While making games, it is important to carefully consider how the world-state is represented. Choosing more effective data structures can improve a game's performance significantly, allowing you to get the information you need in less time!

And, it is important to test, time, and profile those data structures in practice. The best optimizations actually save time!

  1. Tree stumps are not included in this! Stumps are a permanent aspect of the world encoded in the world file. Surprisingly, they're also purely cosmetic. A height increase of 1 and a stump are completely equivalent in physics code.

  2. For further reading, look up the term "asymptotic notation"! In my case, I wanted my worst-case space complexities to be at worst linear in the map area, number of islands, or total entities. And, I wanted my worst-case time complexities to have no terms relating to the map area, number of islands, or total number of entities. In short, I'm okay with larger maps taking up more space, but I want MExp to run just as quickly if possible.

  3. An important implementation question is: What happens when entities from different islands enter the same tile?
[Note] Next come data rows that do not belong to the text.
lemma reference_rates_at_source:
  assumes "b \<in> SC"
  defines "K \<equiv> SOME K. (\<forall>e. 0 < K e) \<and> net_vector E K b \<noteq> 0"
  shows "\<forall>e. 0 < K e" "net_vector E K b \<noteq> 0" "fst e = b \<Longrightarrow> reference_rates e = K e"
proof -
  have "(\<forall>e. 0 < K e) \<and> net_vector E K b \<noteq> 0"
    unfolding K_def by (rule someI_ex[OF ex_rates_net_vector_nonzero[OF assms(1)]])
  then show "\<forall>e. 0 < K e" "net_vector E K b \<noteq> 0"
    by simp_all
  show "reference_rates e = K e" if "fst e = b"
    using that by (simp add: reference_rates_def K_def)
qed

lemma rate_constants_reference_rates: "rate_constants E reference_rates"
  unfolding rate_constants_def
proof
  fix e assume "e \<in> E"
  then have "fst e \<in> SC"
    by (simp add: source_complexes_def)
  then show "0 < reference_rates e"
    using reference_rates_at_source(1)[OF \<open>fst e \<in> SC\<close>]
      reference_rates_at_source(3)[OF \<open>fst e \<in> SC\<close> refl] by (simp only:)
qed

lemma net_vector_reference_rates_nonzero:
  assumes "b \<in> SC"
  shows "net_vector E reference_rates b \<noteq> 0"
proof -
  note K = reference_rates_at_source[OF assms]
  have "net_vector E reference_rates b
      = net_vector E (SOME K. (\<forall>e. 0 < K e) \<and> net_vector E K b \<noteq> 0) b"
    by (rule net_vector_cong) (rule K(3))
  then show ?thesis
    using K(2) by simp
qed

sublocale extreme: planar_inward_field EC "net_vector E reference_rates"
proof
  show "finite EC"
    by (rule finite_EC)
  show "net_vector E reference_rates x \<noteq> 0" if "x \<in> EC" for x
    using net_vector_reference_rates_nonzero EC_subset_SC that by blast
  show "net_vector E reference_rates x \<in> cone_at EC x" if "x \<in> EC" for x
    using rate_constants_reference_rates that by (rule net_vector_in_cone_at)
  show "\<exists>u\<in>EC. (\<forall>c\<in>EC. w \<bullet> u \<le> w \<bullet> c) \<and> 0 < w \<bullet> net_vector E reference_rates u" if "w \<noteq> 0" for w
    using rate_constants_reference_rates that by (rule net_vector_inward)
  show "\<exists>w. w \<noteq> 0 \<and> (\<forall>c\<in>EC. w \<bullet> y \<le> w \<bullet> c)" if "y \<in> EC" for y
    using frontier_convex_hull_exposed[OF finite_SC, of y] that EC_subset_SC
    by (auto simp: extreme_complexes_def)
qed

definition inner_reactions :: "2 reaction set" where
  "inner_reactions = {e\<in>E. fst e \<notin> EC}"

definition realizing_network :: "2 reaction set" where
  "realizing_network = extreme.support_graph \<union> inner_reactions"

lemma support_graph_subset: "extreme.support_graph \<subseteq> EC \<times> EC"
  by (auto simp: extreme.support_graph_def)

lemma support_graph_endpoints:
  assumes "e \<in> extreme.support_graph"
  shows "fst e \<in> EC" "snd e \<in> EC"
  using assms support_graph_subset by (auto simp: mem_Times_iff)

lemma finite_realizing_network: "finite realizing_network"
  using finite_subset[OF support_graph_subset] finite_EC finite_reactions
  by (simp add: realizing_network_def inner_reactions_def)

lemma source_complexes_realizing_network: "source_complexes realizing_network = SC"
proof
  have "fst ` extreme.support_graph \<subseteq> SC"
    using support_graph_endpoints(1) EC_subset_SC by blast
  moreover have "fst ` inner_reactions \<subseteq> SC"
    by (auto simp: inner_reactions_def source_complexes_def)
  ultimately show "source_complexes realizing_network \<subseteq> SC"
    by (simp add: source_complexes_def realizing_network_def image_Un)
  show "SC \<subseteq> source_complexes realizing_network"
  proof
    fix s assume "s \<in> SC"
    show "s \<in> source_complexes realizing_network"
    proof (cases "s \<in> EC")
      case True
      then obtain c where "(s, c) \<in> extreme.support_graph"
        using extreme.support_graph_out_edge by blast
      then show ?thesis
        by (force simp: source_complexes_def realizing_network_def)
    next
      case False
      then show ?thesis
        using \<open>s \<in> SC\<close> by (force simp: source_complexes_def realizing_network_def inner_reactions_def)
    qed
  qed
qed

lemma extremal_reactions_realizing_network:
  "extremal_reactions realizing_network = extreme.support_graph"
proof -
  have "extreme_complexes realizing_network = EC"
    by (simp add: extreme_complexes_def source_complexes_realizing_network)
  then show ?thesis
    using support_graph_endpoints(1)
    by (auto simp: extremal_reactions_def realizing_network_def inner_reactions_def)
qed

lemma reaction_network_realizing_network: "reaction_network realizing_network"
proof -
  have "realizing_network \<noteq> {}"
    using source_complexes_realizing_network network
    by (auto simp: reaction_network_def source_complexes_def)
  moreover have "fst e \<noteq> snd e \<and> nonneg_vec (fst e) \<and> nonneg_vec (snd e)" if "e \<in> realizing_network" for e
  proof (cases "e \<in> E")
    case False
    then have "e \<in> extreme.support_graph"
      using that by (simp add: realizing_network_def inner_reactions_def)
    then have "fst e \<noteq> snd e" "fst e \<in> SC" "snd e \<in> SC"
      using support_graph_subset EC_subset_SC by (auto simp: extreme.support_graph_def)
    then show ?thesis
      using network by (auto simp: reaction_network_def source_complexes_def)
  qed (use network in \<open>simp add: reaction_network_def\<close>)
  ultimately show ?thesis
    using finite_realizing_network by (simp add: reaction_network_def)
qed

definition cone_weights :: "(2 reaction \<Rightarrow> real) \<Rightarrow> real^2 \<Rightarrow> real^2 \<Rightarrow> real" where
  "cone_weights K b = (SOME l. conic_coeffs EC b (net_vector E K b) l \<and>
     (\<forall>c\<in>EC. 0 < l c \<longleftrightarrow> conic_support EC b (net_vector E K b) c))"

lemma cone_weights_coeffs:
  assumes "rate_constants E K" "b \<in> EC"
  shows "\<forall>c. 0 \<le> cone_weights K b c"
    and "net_vector E K b = (\<Sum>c\<in>EC. cone_weights K b c *\<^sub>R (c - b))"
    and "c \<in> EC \<Longrightarrow> 0 < cone_weights K b c \<longleftrightarrow> conic_support EC b (net_vector E K b) c"
  using someI_ex[OF conic_coeffs_exact_support[OF finite_EC net_vector_in_cone_at[OF assms]]]
  unfolding cone_weights_def conic_coeffs_def by blast+

definition realizing_rates :: "(2 reaction \<Rightarrow> real) \<Rightarrow> 2 reaction \<Rightarrow> real" where
  "realizing_rates K e = (if e \<in> extreme.support_graph then cone_weights K (fst e) (snd e) else K e)"

lemma support_graph_iff_cone_weights:
  assumes "rate_constants E K"
  shows "(b, c) \<in> extreme.support_graph \<longleftrightarrow>
    b \<in> EC \<and> c \<in> EC \<and> c \<noteq> b \<and> 0 < cone_weights K b c"
  using conic_support_net_vector_iff[OF assms rate_constants_reference_rates] cone_weights_coeffs(3)[OF assms]
  by (auto simp: extreme.support_graph_def)

lemma rate_constants_realizing_rates:
  assumes "rate_constants E K"
  shows "rate_constants realizing_network (realizing_rates K)"
  using assms support_graph_iff_cone_weights[OF assms]
  by (auto simp: rate_constants_def realizing_rates_def realizing_network_def inner_reactions_def)

lemma net_vector_realizing_rates:
  assumes "rate_constants E K" "b \<in> SC"
  shows "net_vector realizing_network (realizing_rates K) b = net_vector E K b"
proof (cases "b \<in> EC")
  case True
  define C where "C = {c\<in>EC. c \<noteq> b \<and> 0 < cone_weights K b c}"
  have "{e\<in>realizing_network. fst e = b} = Pair b ` C"
    using True support_graph_iff_cone_weights[OF assms(1)]
    by (auto simp: C_def realizing_network_def inner_reactions_def)
  then have "net_vector realizing_network (realizing_rates K) b = (\<Sum>c\<in>C. cone_weights K b c *\<^sub>R (c - b))"
    using support_graph_iff_cone_weights[OF assms(1)] True
    by (simp add: net_vector_def sum.reindex inj_on_def rvec_def realizing_rates_def C_def)
  also have "\<dots> = (\<Sum>c\<in>EC. cone_weights K b c *\<^sub>R (c - b))"
    using cone_weights_coeffs(1)[OF assms(1) True] finite_EC
    by (intro sum.mono_neutral_left) (auto simp: C_def order_le_less)
  also have "\<dots> = net_vector E K b"
    using cone_weights_coeffs(2)[OF assms(1) True] by simp
  finally show ?thesis .
next
  case False
  then have "{e\<in>realizing_network. fst e = b} = {e\<in>E. fst e = b}"
    using support_graph_subset by (auto simp: realizing_network_def inner_reactions_def)
  moreover have "realizing_rates K e = K e" if "fst e = b" for e
    using False that support_graph_subset by (auto simp: realizing_rates_def)
  ultimately show ?thesis
    unfolding net_vector_def by (intro sum.cong) auto
qed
In MExp, generally the entity entering a tile last will become owned by the island that already owned all the entities on that tile. That includes two logs combining into a raft! However, this rule has one exception: If an entity ever enters the landmass (reset-zone, generally) of an island, it becomes owned by that island.

  4. The Entity Pointers File has other good uses in practice. When an entity is gone from the world (can happen under specific island resetting circumstances) we set its pointer to 0. And if an entity is contained in a raft, its pointer is the negative pointer to the raft entity. So, these pointers encode not just how to find an entity, but also meaningful information about the state of the entity.

  5. Funnily enough, immediately after taking these times I found a better way of batching world-file data grabbing that bumped the FPS to 5.357. No amount of data structure optimization can make the hardware details obsolete!